I’m sure many people, upon seeing Bauby’s suffering, would say that his life isn’t worth living. At one point, a friend of his visits and tells him many of his former colleagues now saw him as a vegetable. Ableism is a massive driver behind the euthanasia and assisted suicide movements. According to data from Washington and Oregon, where euthanasia and assisted suicide are legal, the vast majority of the people who opt for it are not experiencing intense physical pain. They’re doing so because they see their lives as having diminished value. Ninety-two percent fear becoming dependent on others, 90% do so due to loss of physical abilities, 79% don’t want the stigma that comes with being disabled, and 41% believe they would be a burden to their loved ones.
This situation creates a false narrative in two ways: first and foremost, that offering an early death to people with disabilities is all about compassion and human dignity. It’s clearly not. It’s more so about pushing the idea that the most dignified thing disabled people can do is die. Secondly, it paints the right-to-life crowd as monsters who want to condemn hurting people to a life of suffering. That’s not what we’re about at all. We’re not against helping people in and of itself; we’re against using death as a way by which people are helped.
To give another example, consider the story of Christopher Reeve. The famous movie actor, best known for playing Superman, became a quadriplegic after a horseback riding accident. Soon afterward, he seriously entertained the idea of assisted suicide because he thought his condition would be too much for his family to handle. But after discussing it with his family and receiving assurance of their unconditional love for him, he decided against it. He ultimately spent the last seven years of his life advocating against systemic discrimination toward people with disabilities. He supported bills against insurance caps that would limit health coverage for those most in need of it. He supported stem cell research that would help find cures for people with neurological disorders. He advocated for more inclusive work environments for people with disabilities. He started his own foundation to help people with spinal cord injuries have a better quality of life.

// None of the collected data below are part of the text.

(* Let $k,\lambda,j$ be integers with $k>\lambda>j>1$. If an infinite word avoids $(k,\lambda)$-anti-powers (i.e. has no factor that is a $(k,\lambda)$-anti-power), then it avoids $(k-j,\lambda-j)$-anti-powers.
   Context: A factor is a contiguous subword. A $(k,\lambda)$-anti-power is a word $w=w_1\cdots w_k$ with $|w_1|=\cdots=|w_k|$ (nonempty blocks) such that $|\{i: w_i=w_j\}|\le\lambda$ for each $j\in\{1,\dots,k\}$. *)

theory Defs
  imports Main
begin

definition block :: "'a list \<Rightarrow> nat \<Rightarrow> nat \<Rightarrow> 'a list" where
  "block u m b = take m (drop (b * m) u)"

definition anti_power :: "nat \<Rightarrow> nat \<Rightarrow> 'a list \<Rightarrow> bool" where
  "anti_power k lam u \<longleftrightarrow>
     (\<exists>m>0. length u = k * m \<and>
        (\<forall>j<k. card {i. i < k \<and> block u m i = block u m j} \<le> lam))"

definition factor :: "(nat \<Rightarrow> 'a) \<Rightarrow> nat \<Rightarrow> nat \<Rightarrow> 'a list" where
  "factor x i n = map x [i..<i+n]"

definition avoids_anti_powers :: "nat \<Rightarrow> nat \<Rightarrow> (nat \<Rightarrow> 'a) \<Rightarrow> bool" where
  "avoids_anti_powers k lam x \<longleftrightarrow> (\<forall>i n. \<not> anti_power k lam (factor x i n))"

end

theory Submission
  imports Defs
begin

text \<open>Append j further blocks of the same length to the (k - j, lam - j)-anti-power: each block
  of the resulting k-block word occurs at most (lam - j) + j = lam times among the blocks, so
  it is a (k, lam)-anti-power and again a factor of the infinite word.\<close>

lemma length_factor [simp]: "length (factor x i n) = n"
  by (simp add: factor_def)

lemma factor_add: "factor x i (n + n') = factor x i n @ factor x (i + n) n'"
  unfolding factor_def by (metis add.assoc le_add1 map_append upt_add_eq_append)

lemma block_append:
  assumes "length u = k * m" and "b < k"
  shows "block (u @ v) m b = block u m b"
proof -
  have "b * m + m \<le> k * m"
    using assms(2) by (metis Suc_leI add.commute mult_Suc mult_le_mono1)
  then show ?thesis
    using assms(1) by (simp add: block_def)
qed

lemma anti_power_block_count:
  assumes "anti_power k lam u" and "length u = k * m" and "0 < m"
  shows "card {i. i < k \<and> block u m i = w} \<le> lam"
proof (cases "\<exists>t<k. block u m t = w")
  case True
  then obtain t where t: "t < k" "block u m t = w" by blast
  from assms(1) obtain m' where "length u = k * m'"
    and count: "\<forall>t<k. card {i. i < k \<and> block u m' i = block u m' t} \<le> lam"
    unfolding anti_power_def by blast
  with assms(2) t(1) have "m' = m" by simp
  with count t show ?thesis by blast
next
  case False
  then have "{i. i < k \<and> block u m i = w} = {}" by blast
  then show ?thesis by (simp only: card.empty le0)
qed

lemma anti_power_append:
  assumes "anti_power k lam u" and "length u = k * m" and "length v = j * m" and "0 < m"
  shows "anti_power (k + j) (lam + j) (u @ v)"
  unfolding anti_power_def
proof (intro exI[of _ m] conjI allI impI)
  show "length (u @ v) = (k + j) * m"
    using assms(2,3) by (simp add: algebra_simps)
  fix t
  let ?w = "block (u @ v) m t"
  have "{i. i < k + j \<and> block (u @ v) m i = ?w} \<subseteq> {i. i < k \<and> block u m i = ?w} \<union> {k..<k + j}"
    using block_append[OF assms(2)] by auto
  then have "card {i. i < k + j \<and> block (u @ v) m i = ?w}
      \<le> card ({i. i < k \<and> block u m i = ?w} \<union> {k..<k + j})"
    by (intro card_mono) auto
  also have "\<dots> \<le> card {i. i < k \<and> block u m i = ?w} + j"
    using card_Un_le[of _ "{k..<k + j}"] by simp
  also have "\<dots> \<le> lam + j"
    using anti_power_block_count[OF assms(1,2,4)] by simp
  finally show "card {i. i < k + j \<and> block (u @ v) m i = ?w} \<le> lam + j" .
qed (use assms(4) in simp)

theorem lemma4p1:
  fixes k lam j :: nat and x :: "nat \<Rightarrow> 'a"
  assumes "k > lam" and "lam > j" and "j > 1"
    and "avoids_anti_powers k lam x"
  shows "avoids_anti_powers (k - j) (lam - j) x"
  unfolding avoids_anti_powers_def
proof (intro allI notI)
  fix i n
  assume anti: "anti_power (k - j) (lam - j) (factor x i n)"
  then obtain m where "0 < m" and n: "n = (k - j) * m"
    unfolding anti_power_def by auto
  have "anti_power (k - j + j) (lam - j + j) (factor x i n @ factor x (i + n) (j * m))"
    using anti_power_append[OF anti _ _ \<open>0 < m\<close>] n by simp
  then have "anti_power k lam (factor x i (n + j * m))"
    using assms(1,2) by (simp add: factor_add)
  with assms(4) show False
    unfolding avoids_anti_powers_def by blast
qed

end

It’s interesting that Reeve became an even bigger hero in real life after his days of playing one on the silver screen were over. Who knows what the world would have lost if he didn’t stick around after his injury, or how many people’s lives were improved because of his advocacy work? Furthermore, why aren’t we continuing Reeve’s work instead of legalizing euthanasia? His life had value simply because he was a human being. So did Jean Dominique Bauby, and he proved it without being able to speak a single word.
At one point in the movie version of The Diving Bell and the Butterfly, Jean Dominique Bauby’s friend Roussin comes to visit him in the hospital. Years before, Bauby had let him take the last seat on a flight to Hong Kong because he desperately needed to get to a business meeting. That plane ended up getting hijacked by a terrorist group and was rerouted to Lebanon. Roussin tells Bauby his harrowing story of being held there in captivity for four years. He was locked into a dark basement in solitary confinement where it was difficult to move, let alone breathe. But he survived and ultimately was released. He tells Bauby how he found the will to live. “Figure out what makes you human, hold onto it, and you’ll make it,” he said.
Initially, Bauby scoffs at his friend in his mind. How could he truly live when he couldn’t even move his body? But through sharing his story, he discovered the true value and meaning of his life despite losing total control over it. His life mattered. Christopher Reeve’s life mattered. Every single person’s life matters. Is the right-to-die crowd listening?